With the increasing globalisation of the workforce, taking a job overseas for an extended period is not uncommon these days. When it comes to your superannuation, there are some key issues for consideration before you leave. For those working in a position that will more than likely see international transfers for extended periods, they are best to steer clear of setting up a self-managed super fund (SMSF).
For those with an existing SMSF, the pitfalls of non-compliance with this area of the law can be significant and great care should be taken before departing Australia to ensure you have appropriately restructured your fund.
There are two key areas that you need to watch out for when handing in your residency.
First, assuming that you are not leaving Australia "temporarily", you need to remove yourself as trustee. The logical question that follows is how do you define temporarily? Some people will cite an absence of greater than two years as the general rule of thumb. However, it you declare that at the time of your departure that you are leaving Australia permanently but return within the two-year period, you will still fail the test.
One of the key things that auditors and the Australian Tax Office take into consideration when looking at the residency of your SMSF is where the central management and control of the SMSF is located while the trustee is overseas. Here, "central management and control" of the SMSF refers to high-level duties, decisions and activities of the fund.
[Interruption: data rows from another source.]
text \<open>eps_ge v f g  means  epsilon(f) >= epsilon(g), where
  epsilon(h) = max_{1<=b<=deg h} (v h - v (d_b h))/b  (in the divisible hull; terms with
  d_b h = 0 have value -infinity), and epsilon(h) = -infinity for constant h.
  Since the maxima are over finite sets, max_b A_b/b >= max_c B_c/c iff there is b with
  c*A_b >= b*B_c for all c; this avoids passing to the divisible hull.\<close>
definition eps_ge :: "('a::comm_ring_1 poly \<Rightarrow> 'g::linordered_ab_group_add) \<Rightarrow> 'a poly \<Rightarrow> 'a poly \<Rightarrow> bool" where
  "eps_ge v f g \<longleftrightarrow>
     (if degree g = 0 then True
      else if degree f = 0 then False
      else (\<exists>b\<in>{1..degree f}. hasse_deriv b f \<noteq> 0 \<and>
              (\<forall>c\<in>{1..degree g}. hasse_deriv c g \<noteq> 0 \<longrightarrow>
                  gscale b (v g - v (hasse_deriv c g)) \<le> gscale c (v f - v (hasse_deriv b f)))))"

definition key_poly :: "('a::field poly \<Rightarrow> 'g::linordered_ab_group_add) \<Rightarrow> 'a poly \<Rightarrow> bool" where
  "key_poly v Q \<longleftrightarrow> lead_coeff Q = 1 \<and> (\<forall>f. f \<noteq> 0 \<longrightarrow> eps_ge v f Q \<longrightarrow> degree Q \<le> degree f)"

definition qexp_coeff :: "'a::field poly \<Rightarrow> 'a poly \<Rightarrow> nat \<Rightarrow> 'a poly" where
  "qexp_coeff q f i = (f div q ^ i) mod q"

definition trunc_val :: "('a::field poly \<Rightarrow> 'g::linordered_ab_group_add) \<Rightarrow> 'a poly \<Rightarrow> 'a poly \<Rightarrow> 'g" where
  "trunc_val v q f = Min {v (qexp_coeff q f i * q ^ i) | i. i \<le> degree f \<and> qexp_coeff q f i \<noteq> 0}"

definition optimizing_root :: "('a::field alg_closure poly \<Rightarrow> 'g::linordered_ab_group_add)
     \<Rightarrow> 'a poly \<Rightarrow> 'a alg_closure \<Rightarrow> bool" where
  "optimizing_root mu f a \<longleftrightarrow> degree f > 0 \<and> poly (map_poly to_ac f) a = 0 \<and>
     (\<forall>c. poly (map_poly to_ac f) c = 0 \<longrightarrow> mu [:-c, 1:] \<le> mu [:-a, 1:])"

end

theory Submission
  imports Defs
begin

text \<open>Write \<gamma> = \<mu>(x - a). If every root c of G in Kbar[x] satisfies \<mu>(x - c) \<le> \<gamma>, then
  G(x + a) = \<Sum>j. c_j y^j has min_j (\<mu>(c_j) + j\<gamma>) = \<mu>(G), and the last index attaining
  this minimum is the number of roots with \<mu>(x - c) = \<gamma>: both facts pass through each
  linear factor x - c. The same count controls the Hasse derivatives, \<mu>(\<partial>_b G) \<ge> \<mu>(G) - b\<delta>
  with equality at that index, which relates \<delta>(f) to \<epsilon>(f). As Q is a key polynomial, every f
  with deg f < deg Q has only roots c with \<mu>(x - c) < \<gamma>, since otherwise
  \<epsilon>(f) \<ge> \<delta>(f) \<ge> \<gamma> \<ge> \<epsilon>(Q). So in the Q-expansion f = \<Sum>i. f_i Q^i the term f_i Q^i has
  value \<nu>(f_i Q^i), attained last at index i m, where m \<ge> 1 is the count for Q. These
  indices are distinct, so among the terms of least value the one with the largest index
  cannot cancel, and \<mu>_(x-a)(f) = min_i \<nu>(f_i Q^i) = \<nu>_Q(f).\<close>

section \<open>Krull valuations\<close>

lemma gscale_0 [simp]: "gscale 0 g = 0"
  by (simp add: gscale_def)

lemma gscale_Suc: "gscale (Suc n) g = g + gscale n g"
  by (simp add: gscale_def add.commute)

lemma gscale_add: "gscale (m + n) g = gscale m g + gscale n g"
  by (induction m) (simp_all add: gscale_Suc gscale_def add.assoc)

lemma gscale_mult: "gscale (m * n) g = gscale m (gscale n g)"
  by (induction m) (simp_all add: gscale_Suc gscale_add)

lemma gscale_mono: "(x::'g::linordered_ab_group_add) \<le> y \<Longrightarrow> gscale n x \<le> gscale n y"
  by (induction n) (simp_all add: gscale_Suc gscale_def add_mono)

lemma krull_valuation_mult:
  "krull_valuation v \<Longrightarrow> a \<noteq> 0 \<Longrightarrow> b \<noteq> 0 \<Longrightarrow> v (a * b) = v a + v b"
  by (simp add: krull_valuation_def)

lemma krull_valuation_add:
  "krull_valuation v \<Longrightarrow> a \<noteq> 0 \<Longrightarrow> b \<noteq> 0 \<Longrightarrow> a + b \<noteq> 0 \<Longrightarrow> min (v a) (v b) \<le> v (a + b)"
  by (simp add: krull_valuation_def)

lemma krull_valuation_one:
  assumes "krull_valuation v" shows "v 1 = 0"
  using krull_valuation_mult[OF assms, of 1 1] by simp

lemma krull_valuation_uminus:
  assumes "krull_valuation v" shows "v (- a) = v a"
proof (cases "a = 0")
  case False
  have "v (-1) + v (-1) = 0"
    using krull_valuation_mult[OF assms, of "-1" "-1"] krull_valuation_one[OF assms] by simp
  then have "v (-1) = 0" by simp
  then show ?thesis using krull_valuation_mult[OF assms, of "-1" a] False by simp
qed simp

lemma krull_valuation_power:
  assumes "krull_valuation v" "x \<noteq> 0" shows "v (x ^ n) = gscale n (v x)"
  using assms by (induction n) (simp_all add: krull_valuation_one krull_valuation_mult gscale_Suc)

lemma krull_valuation_const_poly:
  assumes "krull_valuation \<mu>" shows "krull_valuation (\<lambda>x. \<mu> [:x:])"
  unfolding krull_valuation_def
proof (intro conjI allI impI)
  fix a b :: 'a assume "a \<noteq> 0" "b \<noteq> 0"
  then show "\<mu> [:a * b:] = \<mu> [:a:] + \<mu> [:b:]"
    using krull_valuation_mult[OF assms, of "[:a:]" "[:b:]"] by (simp add: mult.commute)
  assume "a + b \<noteq> 0"
  then show "min (\<mu> [:a:]) (\<mu> [:b:]) \<le> \<mu> [:a + b:]"
    using krull_valuation_add[OF assms, of "[:a:]" "[:b:]"] \<open>a \<noteq> 0\<close> \<open>b \<noteq> 0\<close> by simp
qed

lemma krull_valuation_add_eq_left:
  assumes kv: "krull_valuation v" and "a \<noteq> 0" "b \<noteq> 0" "v a < v b"
  shows "a + b \<noteq> 0 \<and> v (a + b) = v a"
proof
  show ab: "a + b \<noteq> 0"
  proof
    assume "a + b = 0"
    then have "a = - b" by (simp add: eq_neg_iff_add_eq_0)
    then have "v a = v b" using krull_valuation_uminus[OF kv, of b] by simp
    with assms show False by simp
  qed
  have "min (v a) (v b) \<le> v (a + b)" using krull_valuation_add[OF kv] ab assms by blast
  moreover have "min (v (a + b)) (v (- b)) \<le> v a"
    using krull_valuation_add[OF kv, of "a + b" "- b"] ab assms by simp
  ultimately show "v (a + b) = v a"
    using assms(4) krull_valuation_uminus[OF kv, of b] by (auto simp: min_def split: if_splits)
qed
As an example, they will look at the SMSF's investment strategy and in which country decisions about how the investment strategy is managed are made, and who arranges for the ongoing changes to be implemented. If these decisions or actions occur overseas, and the trustees have not departed Australia temporarily, you will have a problem.
A couple of solutions are available for SMSF trustees where there is uncertainty as to whether they will live overseas temporarily. The easiest option is to appoint alternative trustees to effectively step into your shoes. This can be achieved via an enduring power of attorney arrangement that you can arrange through a lawyer. Where there is a corporate trustee in place for your SMSF, extra care needs to be taken and it is advisable to review the constitution with respect to the removal and appointment of trustees.
The more extreme option is to look to convert your SMSF to a so-called small APRA fund and appoint a professional trustee company to take over as trustee. This is obviously more costly and you need to follow the trustee company's requirements in terms of the operation of your fund. If your SMSF has direct property or unlisted investments you will be unlikely to find a professional trustee to take over your SMSF.
The other important area to be aware of when running a SMSF as a non-resident is the inability to make any further contributions unless your fund retains resident members, who effectively control the fund. In the majority of cases this will not be applicable, so best to assume that when you depart permanently, no further contributions, including rollovers, can be received by your SMSF.
Inevitably the restructure of your SMSF will not be a top priority when you sign your next overseas work contract. However, for those with an existing SMSF, the consequences of getting this wrong could result in a large chunk of your retirement savings disappear in penalties.